The resubmit problem is a different issue (and inconsistent as not all cases fail for my test cases). @ekluzek should we close this and open a separate issue on this resubmit?

@jedwards4b (is this Jim Edwards?) suggested including a workaround option: ./case.submit --resubmit-immediate This option is functional on Izumi, and a test case is into year 3 (annual time-step) with this option.

per Jim "Are you aware of the resubmit immediate option to case.submit? It will submit all of your jobs at once from the login node with dependancies so that each job will complete before the next begins. This should be an effective workaround for the problem compute nodes not resubmitting properly."

glemieux commented 4 years ago

@ekluzek I just accidentally replicated the above error on my workstation trying to build a single site case. Last week while helping @jkshuman track down the issue using my workstation I had been able to successfully build and run with sci.1.40.1_api.13.0.1 and fates_next_api release-clm5.0.30-143-gabcd5937 (with cime5.6.28).

The trigger for the failure this time was that I was trying to build the case with a conda environment activated that I don't normally use during case builds.
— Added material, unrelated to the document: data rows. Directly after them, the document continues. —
definition is_graph :: "graph \<Rightarrow> bool" where
  "is_graph G \<longleftrightarrow> finite (fst G) \<and>
     (\<forall>e\<in>snd G. \<exists>u v. u \<noteq> v \<and> u \<in> fst G \<and> v \<in> fst G \<and> e = {u, v})"

definition induced_sub :: "graph \<Rightarrow> graph \<Rightarrow> bool" where
  "induced_sub G H \<longleftrightarrow> (\<exists>h. inj_on h (fst G) \<and> h ` fst G \<subseteq> fst H \<and>
     (\<forall>u\<in>fst G. \<forall>v\<in>fst G. ({h u, h v} \<in> snd H \<longleftrightarrow> {u, v} \<in> snd G)))"

definition graph_iso :: "graph \<Rightarrow> graph \<Rightarrow> bool" where
  "graph_iso G H \<longleftrightarrow> (\<exists>h. bij_betw h (fst G) (fst H) \<and>
     (\<forall>u\<in>fst G. \<forall>v\<in>fst G. ({h u, h v} \<in> snd H \<longleftrightarrow> {u, v} \<in> snd G)))"

definition hereditary :: "graph set \<Rightarrow> bool" where
  "hereditary C \<longleftrightarrow> (\<forall>H\<in>C. \<forall>G. is_graph G \<and> induced_sub G H \<longrightarrow> G \<in> C)"

definition hered_closure :: "graph set \<Rightarrow> graph set" where
  "hered_closure C = {G. is_graph G \<and> (\<exists>H\<in>C. induced_sub G H)}"

text \<open>A labelled graph is a graph with a labelling of its vertices (only the
values on the vertex set matter).\<close>
definition lab_embed :: "graph \<times> (nat \<Rightarrow> nat) \<Rightarrow> graph \<times> (nat \<Rightarrow> nat) \<Rightarrow> bool" where
  "lab_embed Gl Hm \<longleftrightarrow> (case Gl of (G, l) \<Rightarrow> case Hm of (H, m) \<Rightarrow>
     (\<exists>h. inj_on h (fst G) \<and> h ` fst G \<subseteq> fst H \<and>
       (\<forall>u\<in>fst G. \<forall>v\<in>fst G. ({h u, h v} \<in> snd H \<longleftrightarrow> {u, v} \<in> snd G)) \<and>
       (\<forall>v\<in>fst G. m (h v) = l v)))"

definition wqo_on :: "('a \<Rightarrow> 'a \<Rightarrow> bool) \<Rightarrow> 'a set \<Rightarrow> bool" where
  "wqo_on P A \<longleftrightarrow> (\<forall>x\<in>A. P x x) \<and>
     (\<forall>x\<in>A. \<forall>y\<in>A. \<forall>z\<in>A. P x y \<longrightarrow> P y z \<longrightarrow> P x z) \<and>
     (\<forall>f::nat \<Rightarrow> 'a. (\<forall>i. f i \<in> A) \<longrightarrow> (\<exists>i j. i < j \<and> P (f i) (f j)))"

definition labelled_class :: "graph set \<Rightarrow> nat set \<Rightarrow> (graph \<times> (nat \<Rightarrow> nat)) set" where
  "labelled_class C X = {(G, l). G \<in> C \<and> l ` fst G \<subseteq> X}"

definition k_wqo :: "nat \<Rightarrow> graph set \<Rightarrow> bool" where
  "k_wqo k C \<longleftrightarrow> (\<forall>X::nat set. finite X \<and> card X \<le> k \<longrightarrow>
     wqo_on lab_embed (labelled_class C X))"

text \<open>First-order variables and set variables are named by natural numbers
(separate name spaces). Positions of a word w are 0..length w - 1.\<close>
datatype 'a mso =
    Letter 'a nat
  | Less nat nat
  | Eq nat nat
  | Mem nat nat
  | Neg "'a mso"
  | Disj "'a mso" "'a mso"
  | Ex1 nat "'a mso"
  | Ex2 nat "'a mso"

fun sat :: "'a list \<Rightarrow> (nat \<Rightarrow> nat) \<Rightarrow> (nat \<Rightarrow> nat set) \<Rightarrow> 'a mso \<Rightarrow> bool" where
  "sat w fe se (Letter a x) \<longleftrightarrow> fe x < length w \<and> w ! (fe x) = a"
| "sat w fe se (Less x y) \<longleftrightarrow> fe x < fe y"
| "sat w fe se (Eq x y) \<longleftrightarrow> fe x = fe y"
| "sat w fe se (Mem x X) \<longleftrightarrow> fe x \<in> se X"
| "sat w fe se (Neg \<phi>) \<longleftrightarrow> \<not> sat w fe se \<phi>"
| "sat w fe se (Disj \<phi> \<psi>) \<longleftrightarrow> sat w fe se \<phi> \<or> sat w fe se \<psi>"
| "sat w fe se (Ex1 x \<phi>) \<longleftrightarrow> (\<exists>i < length w. sat w (fe(x := i)) se \<phi>)"
| "sat w fe se (Ex2 X \<phi>) \<longleftrightarrow> (\<exists>S \<subseteq> {..<length w}. sat w fe (se(X := S)) \<phi>)"

fun fv1 :: "'a mso \<Rightarrow> nat set" where
  "fv1 (Letter a x) = {x}"
| "fv1 (Less x y) = {x, y}"
| "fv1 (Eq x y) = {x, y}"
| "fv1 (Mem x X) = {x}"
| "fv1 (Neg \<phi>) = fv1 \<phi>"
| "fv1 (Disj \<phi> \<psi>) = fv1 \<phi> \<union> fv1 \<psi>"
| "fv1 (Ex1 x \<phi>) = fv1 \<phi> - {x}"
| "fv1 (Ex2 X \<phi>) = fv1 \<phi>"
Perhaps that suggests it's an issue with the module versions loaded on izumi? I can provide my output from conda list if you think it'd be helpful.

jkshuman commented 4 years ago

@glemieux this is interesting. I just did an overhaul of my conda environments. though I do not recall which conda was active (if any) when I ran these test cases.

jkshuman commented 4 years ago

tested cime branch cime.5.8.30 on Izumi with fates_main_api per @ekluzek recommendation and simulation was successful. Thanks @ekluzek

ctsm commit fde33f56e9d65e7cebc79a7a2319d8b1e5959296 (HEAD -> fates_main_api, escomp_ctsm_repo/fates_main_api) cime5.8.30 fates_main commit 61a751c37181f18162e23851fff495db62fc807a (HEAD -> master, tag: sci.1.41.0_api.13.0.1, origin/master, origin/HEAD)

path to output: /scratch/cluster/jkshuman/archive/t4_izumi_JKS_C3_main_4x5_fde33f56_6bfea0f8/lnd/hist

glemieux commented 4 years ago

@ekluzek noted in the ctsm software meeting today that cime5.8.24 is minimum necessary to alleviate this issue. For fates_main_api this should be taken care of for fates_main_api with PR #1137 as it brings the branch up to cime5.8.28.